Nel mezzo del cammino delle canzoni,
Mi ritrovai in un mondo nuovo,
E a dire il vero mi ero già rotto i coglioni.

Ahi, quanto avrei voluto un uovo,
In questo mondo oscuro e lacerante,
Per sentirmi un uomo nuovo.

Ma ahimè, c'era qualcosa di più accecante,
Un ruolo da svolgere poiché io fui
Mandato qui da qualcuno di molto più importante.
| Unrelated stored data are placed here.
lemma join_at_bij:
  "bij_betw (case_prod (join_at a))
     ({S. sec_struct a S} \<times> {T. sec_struct m T \<and> (1, m) \<in> T})
     {S. sec_struct (a + m) S \<and> (a + 1, a + m) \<in> S}"
proof (rule bij_betw_byWitness[where f' = "split_at a"])
  show "\<forall>p\<in>{S. sec_struct a S} \<times> {T. sec_struct m T \<and> (1, m) \<in> T}. split_at a (case_prod (join_at a) p) = p"
    using split_at_join_at by auto
  show "case_prod (join_at a) ` ({S. sec_struct a S} \<times> {T. sec_struct m T \<and> (1, m) \<in> T})
      \<subseteq> {S. sec_struct (a + m) S \<and> (a + 1, a + m) \<in> S}"
    using sec_struct_join_at join_at_closing by fastforce
  show "\<forall>S\<in>{S. sec_struct (a + m) S \<and> (a + 1, a + m) \<in> S}. case_prod (join_at a) (split_at a S) = S"
  proof
    fix S assume "S \<in> {S. sec_struct (a + m) S \<and> (a + 1, a + m) \<in> S}"
    then show "case_prod (join_at a) (split_at a S) = S"
      by (intro split_at_closed(1)[where m = m]) simp_all
  qed
  show "split_at a ` {S. sec_struct (a + m) S \<and> (a + 1, a + m) \<in> S}
      \<subseteq> {S. sec_struct a S} \<times> {T. sec_struct m T \<and> (1, m) \<in> T}"
    using split_at_closed(2) by blast
qed

definition enclose :: "nat \<Rightarrow> (nat \<times> nat) set \<Rightarrow> (nat \<times> nat) set" where
  "enclose m S = insert (1, m + 2) (shift 1 ` S)"

definition unenclose :: "nat \<Rightarrow> (nat \<times> nat) set \<Rightarrow> (nat \<times> nat) set" where
  "unenclose m S = unshift 1 ` (S - {(1, m + 2)})"

lemma sec_struct_enclose:
  assumes S: "sec_struct m S" and "1 \<le> m"
  shows "sec_struct (m + 2) (enclose m S)"
  unfolding enclose_def
proof (rule sec_structI)
  show "valid_arcs (insert (1, m + 2) (shift 1 ` S))"
  proof (rule valid_arcs_insert_enclosing)
    show "valid_arcs (shift 1 ` S)"
      using sec_struct_valid_arcs[OF S] by (simp add: valid_arcs_shift_iff)
    show "\<forall>(k, l)\<in>shift 1 ` S. 1 < k \<and> l < m + 2"
      using sec_structD[OF S] by fastforce
  qed (use \<open>1 \<le> m\<close> in auto)
  show "1 \<le> i \<and> j \<le> m + 2" if "(i, j) \<in> insert (1, m + 2) (shift 1 ` S)" for i j
    using that sec_structD[OF S] by fastforce
qed

lemma unenclose_enclose:
  assumes S: "sec_struct m S"
  shows "unenclose m (enclose m S) = S"
proof -
  have "(1, m + 2) \<notin> shift 1 ` S" using sec_structD[OF S] by fastforce
  then have "insert (1, m + 2) (shift 1 ` S) - {(1, m + 2)} = shift 1 ` S" by blast
  then show ?thesis by (simp add: enclose_def unenclose_def image_image)
qed

lemma unenclose_closed:
  assumes S: "sec_struct (m + 2) S" and closing: "(1, m + 2) \<in> S"
  shows "enclose m (unenclose m S) = S" and "sec_struct m (unenclose m S)"
proof -
  have "(1 < i \<and> j \<le> 1 + m) \<and> (1 \<le> i \<and> 1 \<le> j)" if "(i, j) \<in> S - {(1, m + 2)}" for i j
    using sec_struct_arc_inside_closing[OF S closing, of i j] sec_structD[OF S, of i j] that by auto
  then have inside: "\<forall>(i, j)\<in>S - {(1, m + 2)}. 1 < i \<and> j \<le> 1 + m"
    and "\<forall>(i, j)\<in>S - {(1, m + 2)}. 1 \<le> i \<and> 1 \<le> j"
    by blast+
  then have "shift 1 ` unshift 1 ` (S - {(1, m + 2)}) = S - {(1, m + 2)}"
    by (intro shift_unshift_image)
  then show "enclose m (unenclose m S) = S"
    using closing by (auto simp: enclose_def unenclose_def)
  show "sec_struct m (unenclose m S)"
    unfolding unenclose_def using valid_arcs_subset[OF sec_struct_valid_arcs[OF S]] inside
    by (intro sec_struct_unshift) auto
qed

lemma enclose_bij:
  assumes "1 \<le> m"
  shows "bij_betw (enclose m) {S. sec_struct m S} {S. sec_struct (m + 2) S \<and> (1, m + 2) \<in> S}"
proof (rule bij_betw_byWitness[where f' = "unenclose m"])
  show "\<forall>S\<in>{S. sec_struct m S}. unenclose m (enclose m S) = S"
    using unenclose_enclose by blast
  show "\<forall>S\<in>{S. sec_struct (m + 2) S \<and> (1, m + 2) \<in> S}. enclose m (unenclose m S) = S"
    using unenclose_closed(1) by blast
  show "enclose m ` {S. sec_struct m S} \<subseteq> {S. sec_struct (m + 2) S \<and> (1, m + 2) \<in> S}"
    using sec_struct_enclose assms by (auto simp: enclose_def)
  show "unenclose m ` {S. sec_struct (m + 2) S \<and> (1, m + 2) \<in> S} \<subseteq> {S. sec_struct m S}"
    using unenclose_closed(2) by blast
qed

lemma ss_weight_enclose:
  assumes S: "sec_struct m S"
  shows "ss_weight (enclose m S) = 6/16 * loop_factor (card (exterior_arcs S)) * ss_weight S"
proof -
  let ?S = "shift 1 ` S"
  have fin: "finite ?S" using sec_struct_finite[OF S] by simp
  have inside: "\<forall>(k, l)\<in>?S. 1 < k \<and> k < l \<and> l < m + 2" using sec_structD[OF S] by fastforce
  have "(1, m + 2) \<notin> ?S" using inside by auto
  then have "ss_weight (insert (1, m + 2) ?S)
      = arc_weight (insert (1, m + 2) ?S) (1, m + 2) * (\<Prod>x\<in>?S. arc_weight (insert (1, m + 2) ?S) x)"
    using fin by (simp add: ss_weight_eq_prod)
  also have "(\<Prod>x\<in>?S. arc_weight (insert (1, m + 2) ?S) x) = (\<Prod>x\<in>?S. arc_weight ?S x)"
  proof (rule prod.cong[OF refl])
    fix x assume "x \<in> ?S"
    then have "\<not> fst x < 1" using inside by auto
    then have "directly_nested (insert (1, m + 2) ?S) x = directly_nested ?S x"
      by (intro directly_nested_cong) blast+
    then show "arc_weight (insert (1, m + 2) ?S) x = arc_weight ?S x" by (simp add: arc_weight_def)
  qed
  also have "\<dots> = ss_weight ?S"
    by (rule ss_weight_eq_prod[OF fin, symmetric])
  also have "\<dots> = ss_weight S"
    by (rule ss_weight_shift[OF sec_struct_finite[OF S]])
  also have "arc_weight (insert (1, m + 2) ?S) (1, m + 2) = 6/16 * loop_factor (card (exterior_arcs S))"
    unfolding arc_weight_def directly_nested_enclosing[OF inside] exterior_arcs_shift
    by (simp add: card_image inj_on_subset[OF inj_shift])
  finally show ?thesis unfolding enclose_def .
qed

lemma exterior_arcs_closed:
  assumes T: "sec_struct m T" and closing: "(1, m) \<in> T"
  shows "exterior_arcs T = {(1, m)}"
proof -
  have "(1, m) \<in> exterior_arcs T"
    using closing sec_structD[OF T] unfolding exterior_arcs_def by fastforce
  moreover have "x \<notin> exterior_arcs T" if "x \<in> T" "x \<noteq> (1, m)" for x
    using that closing sec_struct_arc_inside_closing[OF T closing]
    unfolding exterior_arcs_def by (cases x) blast
  ultimately show ?thesis unfolding exterior_arcs_def by blast
qed

lemma ss_weight_join_at:
  assumes S: "sec_struct a S" and T: "sec_struct m T"
  shows "ss_weight (join_at a S T) = ss_weight S * ss_weight T"
  unfolding join_at_def using separated_join_at[OF S T]
    sec_struct_finite[OF S] sec_struct_finite[OF T] sec_struct_valid_arcs[OF S] sec_struct_valid_arcs[OF T]
  by (simp add: ss_weight_Un valid_arcs_shift_iff ss_weight_shift)

lemma card_exterior_arcs_join_at:
  assumes S: "sec_struct a S" and T: "sec_struct m T" and closing: "(1, m) \<in> T"
  shows "card (exterior_arcs (join_at a S T)) = Suc (card (exterior_arcs S))"
proof -
  have "exterior_arcs (join_at a S T) = insert (1 + a, m + a) (exterior_arcs S)"
    unfolding join_at_def using separated_join_at[OF S T] sec_struct_valid_arcs[OF S] sec_struct_valid_arcs[OF T]
    by (simp add: exterior_arcs_Un valid_arcs_shift_iff exterior_arcs_shift exterior_arcs_closed[OF T closing])
  moreover have "(1 + a, m + a) \<notin> exterior_arcs S"
    using sec_structD[OF S] unfolding exterior_arcs_def by fastforce
  moreover have "finite (exterior_arcs S)"
    using sec_struct_finite[OF S] by (rule finite_subset[rotated]) (auto simp: exterior_arcs_def)
  ultimately show ?thesis by simp
qed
Una volta uscito da quei muri,
Mi guardai intorno e vidi solo
Cantanti che facevano i duri.

Così mi avvicinai al trapper tutto solo,
Che mi guardava con un viso da fatto
E dissi "uomo, sai dove mi trovo?",

Con una voce piena di autotune che fece impatto,
Mi disse "Wo, bella, sei all'Inferno.
Se non sei un trapper, vai chiatto chiatto."

Dei trapper io avevo sentito parlare un po',
Quelli che non concludono le rime,
Che hanno l'autotune al posto della vo'.

"Il mio nome è Sfera, sono una rockstar sublime."
Mi faceva paura, questo è poco,
Ed un po' tutt'ora mi deprime.

Sapevo che in quel luogo i trapper non stavano poco,
E la loro punizione era dura, certo:
Stare ad ascoltare i veri trapper, quelli ch'ardono di fuoco.

Quindi scappai da quell'odioso concerto,
E nell'Inferno mi ritrovai.
Era un po' strano, lo ammetto.

Ed un po' in giro mi guardai,
Ero nel primo girone.
Ma appena mi voltai

Ecco che si avvicina un coglione.
"Stavo cercando proprio te."
Mi disse tenendo in mano un cartellone.

Io lo guardai in faccia, "Se
Tu mi dai una mano, ti aiuterò pure io"
Aveva il volto coperto e,

Siccome non avevo scelta, gli chiesi dove fossi finito io.
"Sei nel primo girone, l'EDM House"
Ed urlai "PER L'AMOR DI DIO!"

Per poco non ebbi un infarto,
Con solo due parole
Dure quasi quanto un parto.

E come comanda il Signore,
Cercai di scappare,
Ero nel luogo del terrore.

Mi inseguì fino ad una specie di mare,
No, forse un fiume,
Non c'erano traghetti, mi toccò nuotare.

E con ancora il sudore in viso, venni accecato da un lume,
Una luce così abbagliante,
Da rendere le piante scure.

Non c'era dubbio, era il secondo girone terrificante,
La musica italiana anni '90,
Quella cosa orripilante!

La loro punizione di paura ne incuteva tanta,
Dovevano creare testi senza le parole a cui erano abituati.
"Amore", "Occhi", "Siamo nel novanta".

E tra le urla ed i lamenti straziati,
Io i denti stringevo,
Per quei cantanti meritevoli poco amati.

Ma andai avanti, e fu un viaggio lungo quello a cui mi proponevo,
Ed arrivai all'ultimo girone, il Raggaetton,
Ancora non ci credevo.

Ma quanto è vero che al peggio non c'è fine,
Dovetti affrontare il nemico finale,
Luis Fonsi, lo spagnolo la cui crudeltà non ha fine.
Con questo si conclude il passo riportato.